*** SOURCE MATERIAL ***

(* Let $K_1,\dots,K_n\subset\mathbb R^d$ be convex bodies such that $K:=K_1\cap\dots\cap K_n$ satisfies $\dim(K)<d$. Suppose $x\in K$ lies in the boundary of every $K_i$, $i=1,\dots,n$. Then there exist nonempty finite collections of closed half-spaces $\{H^+(i,j)\}_{j\in J_i}$, $i=1,\dots,n$, such that for all $i$ and $j\in J_i$ the boundary hyperplane of $H^+(i,j)$ is a supporting hyperplane of $K_i$ at $x$ (with $K_i\subset H^+(i,j)$), and $$\dim\Big(\bigcap_{j\in J_1}H^+(1,j)\cap\dots\cap\bigcap_{j\in J_n}H^+(n,j)\Big)<d.$$
   Context: A convex body is a nonempty compact convex subset of $\mathbb R^d$; the dimension of a convex set is the dimension of its affine hull. *)

theory Defs
  imports "HOL-Analysis.Analysis"
begin

definition convex_body :: "'a::euclidean_space set \<Rightarrow> bool" where
  "convex_body K \<longleftrightarrow> K \<noteq> {} \<and> compact K \<and> convex K"

definition closed_halfspace :: "'a::euclidean_space \<Rightarrow> real \<Rightarrow> 'a set" where
  "closed_halfspace a b = {y. a \<bullet> y \<le> b}"

definition supporting_halfspace_at :: "'a::euclidean_space set \<Rightarrow> 'a \<Rightarrow> 'a \<Rightarrow> real \<Rightarrow> bool" where
  "supporting_halfspace_at K x a b \<longleftrightarrow>
     a \<noteq> 0 \<and> a \<bullet> x = b \<and> K \<subseteq> closed_halfspace a b"

end

theory Submission
  imports Defs
begin

(*
  If some K_i has empty interior, it lies in a hyperplane through x, and the two half-spaces
  bounded by that hyperplane already cut the intersection down to the hyperplane. Otherwise the
  interiors U_i are open convex sets, all with x in their closure, whose intersection is empty
  because K has empty interior. By the Dubovitskii-Milyutin theorem there are normals a_i of
  U_i (equivalently of K_i) at x, not all zero, with a_1 + ... + a_n = 0; the half-spaces
  a_i . y <= a_i . x then meet only where a_i . y = a_i . x for all i. Dubovitskii-Milyutin
  follows by induction on the number of sets from the rule N(A \<inter> B) = N(A) + N(B) for normal
  cones of open convex sets with a common closure point, which in turn comes from separating a
  hypograph over A from a half-cylinder over B in R^d \<times> R.
*)

definition normal_cone :: "'a::euclidean_space set \<Rightarrow> 'a \<Rightarrow> 'a set" where
  "normal_cone S x = {a. \<forall>y\<in>S. a \<bullet> y \<le> a \<bullet> x}"

lemma inner_le_at_closure_point:
  fixes S :: "'a::euclidean_space set"
  assumes "\<And>y. y \<in> S \<Longrightarrow> a \<bullet> y \<le> \<beta>" "x \<in> closure S"
  shows "a \<bullet> x \<le> \<beta>"
  using closure_minimal[OF _ closed_halfspace_le, of S a \<beta>] assms by blast

lemma inner_ge_at_closure_point:
  fixes S :: "'a::euclidean_space set"
  assumes "\<And>y. y \<in> S \<Longrightarrow> \<beta> \<le> a \<bullet> y" "x \<in> closure S"
  shows "\<beta> \<le> a \<bullet> x"
  using inner_le_at_closure_point[of S "- a" "- \<beta>" x] assms by simp

lemma normal_cone_closure [simp]: "normal_cone (closure S) x = normal_cone S x"
  using closure_subset by (fastforce simp: normal_cone_def intro: inner_le_at_closure_point)

lemma normal_cone_scaleR:
  assumes "a \<in> normal_cone S x" "0 \<le> r"
  shows "r *\<^sub>R a \<in> normal_cone S x"
  using assms by (auto simp: normal_cone_def mult_left_mono)

lemma normal_cone_open_eq_0:
  fixes S :: "'a::euclidean_space set"
  assumes "open S" "x \<in> S" "a \<in> normal_cone S x"
  shows "a = 0"
proof (rule ccontr)
  assume "a \<noteq> 0"
  obtain \<epsilon> where "\<epsilon> > 0" "ball x \<epsilon> \<subseteq> S"
    using assms(1,2) open_contains_ball by blast
  define y where "y = x + (\<epsilon> / 2 / norm a) *\<^sub>R a"
  have "y \<in> S"
    using \<open>\<epsilon> > 0\<close> \<open>a \<noteq> 0\<close> \<open>ball x \<epsilon> \<subseteq> S\<close> by (auto simp: y_def dist_norm)
  moreover have "a \<bullet> y = a \<bullet> x + \<epsilon> / 2 * norm a"
    using \<open>a \<noteq> 0\<close> by (simp add: y_def inner_add_right power2_norm_eq_inner[symmetric] power2_eq_square)
  moreover have "\<epsilon> / 2 * norm a > 0"
    using \<open>\<epsilon> > 0\<close> \<open>a \<noteq> 0\<close> by simp
  ultimately show False
    using assms(3) by (fastforce simp: normal_cone_def)
qed

lemma nonneg_slope_if_eventually_above:
  fixes p s \<beta> :: real
  assumes above: "\<And>t. 0 < t \<Longrightarrow> \<beta> \<le> p + s * t"
  shows "0 \<le> s" "\<beta> \<le> p"
proof -
  show "0 \<le> s"
  proof (rule ccontr)
    assume "\<not> 0 \<le> s"
    define t where "t = (\<bar>p - \<beta>\<bar> + 1) / - s"
    have "0 < t" "s * t = - (\<bar>p - \<beta>\<bar> + 1)"
      using \<open>\<not> 0 \<le> s\<close> by (auto simp: t_def intro!: divide_pos_neg)
    then show False
      using above[of t] abs_ge_self[of "p - \<beta>"] by linarith
  qed
  show "\<beta> \<le> p"
  proof (rule ccontr)
    assume "\<not> \<beta> \<le> p"
    define t where "t = (\<beta> - p) / (s + 1)"
    have "0 < t" "s * t < \<beta> - p"
      using \<open>\<not> \<beta> \<le> p\<close> \<open>0 \<le> s\<close> by (simp_all add: t_def field_simps)
    then show False using above[of t] by linarith
  qed
qed

lemma separating_normals_at_common_closure_point:
  fixes A B :: "'a::euclidean_space set"
  assumes "convex A" "convex B" "A \<noteq> {}" "B \<noteq> {}" "A \<inter> B = {}"
    and "x \<in> closure A" "x \<in> closure B"
  obtains e where "e \<noteq> 0" "e \<in> normal_cone A x" "- e \<in> normal_cone B x"
proof -
  obtain e \<beta> where e: "e \<noteq> 0" "\<And>y. y \<in> A \<Longrightarrow> e \<bullet> y \<le> \<beta>" "\<And>z. z \<in> B \<Longrightarrow> \<beta> \<le> e \<bullet> z"
    using separating_hyperplane_sets[OF assms(1-5)] by blast
  have "e \<bullet> x = \<beta>"
    using inner_le_at_closure_point[OF e(2) assms(6)] inner_ge_at_closure_point[OF e(3) assms(7)]
    by linarith
  then show thesis
    using that e by (auto simp: normal_cone_def)
qed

***

▸ **WHAT THE TASK ASKS**
Every record must be retyped so that it matches the original exactly.

▸ **TASK RESPONSE**
(* Let $K_1,\dots,K_n\subset\mathbb R^d$ be convex bodies such that $K:=K_1\cap\dots\cap K_n$ satisfies $\dim(K)<d$. Suppose $x\in K$ lies in the boundary of every $K_i$, $i=1,\dots,n$. Then there exist nonempty finite collections of closed half-spaces $\{H^+(i,j)\}_{j\in J_i}$, $i=1,\dots,n$, such that for all $i$ and $j\in J_i$ the boundary hyperplane of $H^+(i,j)$ is a supporting hyperplane of $K_i$ at $x$ (with $K_i\subset H^+(i,j)$), and $$\dim\Big(\bigcap_{j\in J_1}H^+(1,j)\cap\dots\cap\bigcap_{j\in J_n}H^+(n,j)\Big)<d.$$
   Context: A convex body is a nonempty compact convex subset of $\mathbb R^d$; the dimension of a convex set is the dimension of its affine hull. *)

theory Defs
  imports "HOL-Analysis.Analysis"
begin

definition convex_body :: "'a::euclidean_space set \<Rightarrow> bool" where
  "convex_body K \<longleftrightarrow> K \<noteq> {} \<and> compact K \<and> convex K"

definition closed_halfspace :: "'a::euclidean_space \<Rightarrow> real \<Rightarrow> 'a set" where
  "closed_halfspace a b = {y. a \<bullet> y \<le> b}"

definition supporting_halfspace_at :: "'a::euclidean_space set \<Rightarrow> 'a \<Rightarrow> 'a \<Rightarrow> real \<Rightarrow> bool" where
  "supporting_halfspace_at K x a b \<longleftrightarrow>
     a \<noteq> 0 \<and> a \<bullet> x = b \<and> K \<subseteq> closed_halfspace a b"

end

theory Submission
  imports Defs
begin

(*
  If some K_i has empty interior, it lies in a hyperplane through x, and the two half-spaces
  bounded by that hyperplane already cut the intersection down to the hyperplane. Otherwise the
  interiors U_i are open convex sets, all with x in their closure, whose intersection is empty
  because K has empty interior. By the Dubovitskii-Milyutin theorem there are normals a_i of
  U_i (equivalently of K_i) at x, not all zero, with a_1 + ... + a_n = 0; the half-spaces
  a_i . y <= a_i . x then meet only where a_i . y = a_i . x for all i. Dubovitskii-Milyutin
  follows by induction on the number of sets from the rule N(A \<inter> B) = N(A) + N(B) for normal
  cones of open convex sets with a common closure point, which in turn comes from separating a
  hypograph over A from a half-cylinder over B in R^d \<times> R.
*)

definition normal_cone :: "'a::euclidean_space set \<Rightarrow> 'a \<Rightarrow> 'a set" where
  "normal_cone S x = {a. \<forall>y\<in>S. a \<bullet> y \<le> a \<bullet> x}"

lemma inner_le_at_closure_point:
  fixes S :: "'a::euclidean_space set"
  assumes "\<And>y. y \<in> S \<Longrightarrow> a \<bullet> y \<le> \<beta>" "x \<in> closure S"
  shows "a \<bullet> x \<le> \<beta>"
  using closure_minimal[OF _ closed_halfspace_le, of S a \<beta>] assms by blast

lemma inner_ge_at_closure_point:
  fixes S :: "'a::euclidean_space set"
  assumes "\<And>y. y \<in> S \<Longrightarrow> \<beta> \<le> a \<bullet> y" "x \<in> closure S"
  shows "\<beta> \<le> a \<bullet> x"
  using inner_le_at_closure_point[of S "- a" "- \<beta>" x] assms by simp

lemma normal_cone_closure [simp]: "normal_cone (closure S) x = normal_cone S x"
  using closure_subset by (fastforce simp: normal_cone_def intro: inner_le_at_closure_point)

lemma normal_cone_scaleR:
  assumes "a \<in> normal_cone S x" "0 \<le> r"
  shows "r *\<^sub>R a \<in> normal_cone S x"
  using assms by (auto simp: normal_cone_def mult_left_mono)

lemma normal_cone_open_eq_0:
  fixes S :: "'a::euclidean_space set"
  assumes "open S" "x \<in> S" "a \<in> normal_cone S x"
  shows "a = 0"
proof (rule ccontr)
  assume "a \<noteq> 0"
  obtain \<epsilon> where "\<epsilon> > 0" "ball x \<epsilon> \<subseteq> S"
    using assms(1,2) open_contains_ball by blast
  define y where "y = x + (\<epsilon> / 2 / norm a) *\<^sub>R a"
  have "y \<in> S"
    using \<open>\<epsilon> > 0\<close> \<open>a \<noteq> 0\<close> \<open>ball x \<epsilon> \<subseteq> S\<close> by (auto simp: y_def dist_norm)
  moreover have "a \<bullet> y = a \<bullet> x + \<epsilon> / 2 * norm a"
    using \<open>a \<noteq> 0\<close> by (simp add: y_def inner_add_right power2_norm_eq_inner[symmetric] power2_eq_square)
  moreover have "\<epsilon> / 2 * norm a > 0"
    using \<open>\<epsilon> > 0\<close> \<open>a \<noteq> 0\<close> by simp
  ultimately show False
    using assms(3) by (fastforce simp: normal_cone_def)
qed

lemma nonneg_slope_if_eventually_above:
  fixes p s \<beta> :: real
  assumes above: "\<And>t. 0 < t \<Longrightarrow> \<beta> \<le> p + s * t"
  shows "0 \<le> s" "\<beta> \<le> p"
proof -
  show "0 \<le> s"
  proof (rule ccontr)
    assume "\<not> 0 \<le> s"
    define t where "t = (\<bar>p - \<beta>\<bar> + 1) / - s"
    have "0 < t" "s * t = - (\<bar>p - \<beta>\<bar> + 1)"
      using \<open>\<not> 0 \<le> s\<close> by (auto simp: t_def intro!: divide_pos_neg)
    then show False
      using above[of t] abs_ge_self[of "p - \<beta>"] by linarith
  qed
  show "\<beta> \<le> p"
  proof (rule ccontr)
    assume "\<not> \<beta> \<le> p"
    define t where "t = (\<beta> - p) / (s + 1)"
    have "0 < t" "s * t < \<beta> - p"
      using \<open>\<not> \<beta> \<le> p\<close> \<open>0 \<le> s\<close> by (simp_all add: t_def field_simps)
    then show False using above[of t] by linarith
  qed
qed

lemma separating_normals_at_common_closure_point:
  fixes A B :: "'a::euclidean_space set"
  assumes "convex A" "convex B" "A \<noteq> {}" "B \<noteq> {}" "A \<inter> B = {}"
    and "x \<in> closure A" "x \<in> closure B"
  obtains e where "e \<noteq> 0" "e \<in> normal_cone A x" "- e \<in> normal_cone B x"
proof -
  obtain e \<beta> where e: "e \<noteq> 0" "\<And>y. y \<in> A \<Longrightarrow> e \<bullet> y \<le> \<beta>" "\<And>z. z \<in> B \<Longrightarrow> \<beta> \<le> e \<bullet> z"
    using separating_hyperplane_sets[OF assms(1-5)] by blast
  have "e \<bullet> x = \<beta>"
    using inner_le_at_closure_point[OF e(2) assms(6)] inner_ge_at_closure_point[OF e(3) assms(7)]
    by linarith
  then show thesis
    using that e by (auto simp: normal_cone_def)
qed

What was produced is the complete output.